If Google is rejecting AdWords landing pages, it's because they have empirical evidence that (in their opinion) would improve the quality of search results.

Imagine the searchers' delight if Google gave every website (whole site) a choice of one, and only one, of these representations in Google: (1) show adwords pages, (2) receive adwords links (3) appear in search results. Well, it's unproductive to make rules like this, because Google knows it wouldn't take more than a few minutes for malicious spammers to find a way around them. But one can dream.

123rank

4:02 pm on Aug 23, 2006 (gmt 0)

10+ Year Member



There is an even bigger issue than this...if your are a page offering information, on an obscure topic, that each individual is likely to need only once for example - how to arrange a funeral

(something that I hope no-one other than an undertaker would need to know more than a couple of times in a lifetime, and I would hope the undertaker knew already)

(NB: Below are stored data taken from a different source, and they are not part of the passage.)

theorem lemma4p3:
  fixes V :: "'a::euclidean_space \<Rightarrow> real" and \<rho> :: "real \<Rightarrow> real"
    and \<phi> :: "'a \<Rightarrow> real" and \<alpha>0 :: real
  assumes V_meas: "V \<in> borel_measurable lborel"
    and V_locbdd: "\<forall>x. \<exists>e>0. bounded (V ` ball x e)"
    and expV_bdd: "bounded (range (\<lambda>x. exp (- V x)))"
    and expV_int: "integrable lborel (\<lambda>x. exp (- V x))"
    and rho_cont: "continuous_on {0<..} \<rho>"
    and rho_pos: "\<forall>r>0. \<rho> r > 0"
    and rho_int: "set_integrable lborel {0<..}
                    (\<lambda>r. \<rho> r * min 1 (r\<^sup>2) * r ^ (DIM('a) - 1))"
    and gam_pos: "\<forall>r>0. gam \<rho> r > 0"
    and alpha0: "0 < \<alpha>0" "\<alpha>0 < 1"
    and rho_mom: "set_integrable lborel {1..} (\<lambda>r. r powr (real DIM('a) + \<alpha>0 - 1) * \<rho> r)"
    and tail: "Limsup at_infinity
                 (\<lambda>x::'a. ereal ((SUP z\<in>{z. norm z \<ge> norm x}. exp (- V z))
                        / (gam \<rho> (norm x) * norm x powr \<alpha>0))) = 0"
    and phi_smooth: "smooth \<phi>"
    and phi_ge: "\<forall>x. \<phi> x \<ge> 1"
    and phi_eq: "\<forall>x. norm x > 1 \<longrightarrow> \<phi> x = 1 + norm x powr \<alpha>0"
  shows "(\<forall>x. set_integrable lborel {z. norm z > 1} (Lint \<rho> V \<phi> x))
       \<and> (\<forall>x. \<exists>e>0. bounded (hatL \<rho> V \<phi> ` ball x e))
       \<and> (\<exists>r0 C1 C2. r0 > 0 \<and> C1 > 0 \<and> C2 > 0 \<and>
            (\<forall>x. hatL \<rho> V \<phi> x \<le> - C1 * exp (V x) * gam \<rho> (norm x) * \<phi> x
                                   + C2 * indicator (ball 0 r0) x))"
proof -
  have "continuous_on UNIV \<phi>" using phi_smooth unfolding smooth_def by (metis Ck.simps(1))
  then interpret lyapunov_setting \<rho> V \<phi> \<alpha>0
    using assms by unfold_locales auto
  obtain b where b: "\<And>x. b \<le> norm x \<Longrightarrow> tail_sup x / (gam \<rho> (norm x) * norm x powr \<alpha>0) < tail_eps"
    using Limsup_zero_eventually_less[OF tail tail_eps_pos] unfolding tail_sup_def by blast
  define r0 where "r0 = max (max b 2) ((2 * phi_max) powr (1 / \<alpha>0))"
  have far: "hatL \<rho> V \<phi> x \<le> - (core_mass / 16) * exp (V x) * gam \<rho> (norm x) * \<phi> x"
    if "r0 \<le> norm x" for x
  proof (rule hatL_far)
    have "((2 * phi_max) powr (1 / \<alpha>0)) powr \<alpha>0 \<le> norm x powr \<alpha>0"
      using that alpha0 by (intro powr_mono2) (auto simp: r0_def)
    thus "2 * phi_max \<le> norm x powr \<alpha>0" using alpha0 phi_max_ge_1 by (simp add: powr_powr)
    have "2 \<le> norm x" using that by (simp add: r0_def)
    then have "0 < norm x" by linarith
    thus "0 < gam \<rho> (norm x)" using gam_pos by blast
  qed (use that b in \<open>auto simp: r0_def\<close>)
  obtain C2 where C2: "0 < C2" "\<And>x. x \<in> ball 0 r0 \<Longrightarrow>
      hatL \<rho> V \<phi> x \<le> - (core_mass / 16) * exp (V x) * gam \<rho> (norm x) * \<phi> x + C2"
    using hatL_near_origin[of "core_mass / 16" r0] core_mass_pos by auto
  have "\<forall>x. hatL \<rho> V \<phi> x \<le> - (core_mass / 16) * exp (V x) * gam \<rho> (norm x) * \<phi> x
                               + C2 * indicator (ball 0 r0) x"
    using far C2(2) by (auto simp: indicator_def not_less)
  moreover have "0 < r0" by (simp add: r0_def)
  ultimately have "\<exists>r0 C1 C2. r0 > 0 \<and> C1 > 0 \<and> C2 > 0 \<and>
            (\<forall>x. hatL \<rho> V \<phi> x \<le> - C1 * exp (V x) * gam \<rho> (norm x) * \<phi> x
                                   + C2 * indicator (ball 0 r0) x)"
    using core_mass_pos C2(1) by (intro exI[of _ r0] exI[of _ "core_mass / 16"] exI[of _ C2]) auto
  thus ?thesis using Lint_set_integrable hatL_locally_bounded by blast
qed

end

- then Google would, according to the theories stated here, penalise that site because people didn't come back!

Also by that same theory, millions of sites with useless content that people use to while away the working day, would list at number one for everything!

texasville

7:55 pm on Aug 24, 2006 (gmt 0)

WebmasterWorld Senior Member 10+ Year Member



A lot of this should not apply simply because the Great Web is more than an informational highway. It is now the single most important commercial concept in the world. You can find more about products for sale on the web, than you ever will in a 30 second TV ad. And most of these products will only be purchased once in a several year period.
Examples: cars, refrigerators, boats, office printers, ad nauseum.
The great failing is the search engines are controlled by college kids that think it is a giant encyclopedia. In other words if it doesn't contain social or academic information then it is just a huckster site not worthy of attention anyway.
So, yes, there is a great chance of group intelligence failure.
This is also a great page rank failure. How is a mom and pop store with a brick and mortar store, supposed to establish a web presence? Can you really expect them to achieve a pr 5 or 6? Rubbish. Not organically. Maybe with purchased links. Google has established a faux cottage industry for sale of pr with their ranking system, because they did not take into account the diverse types of web sites.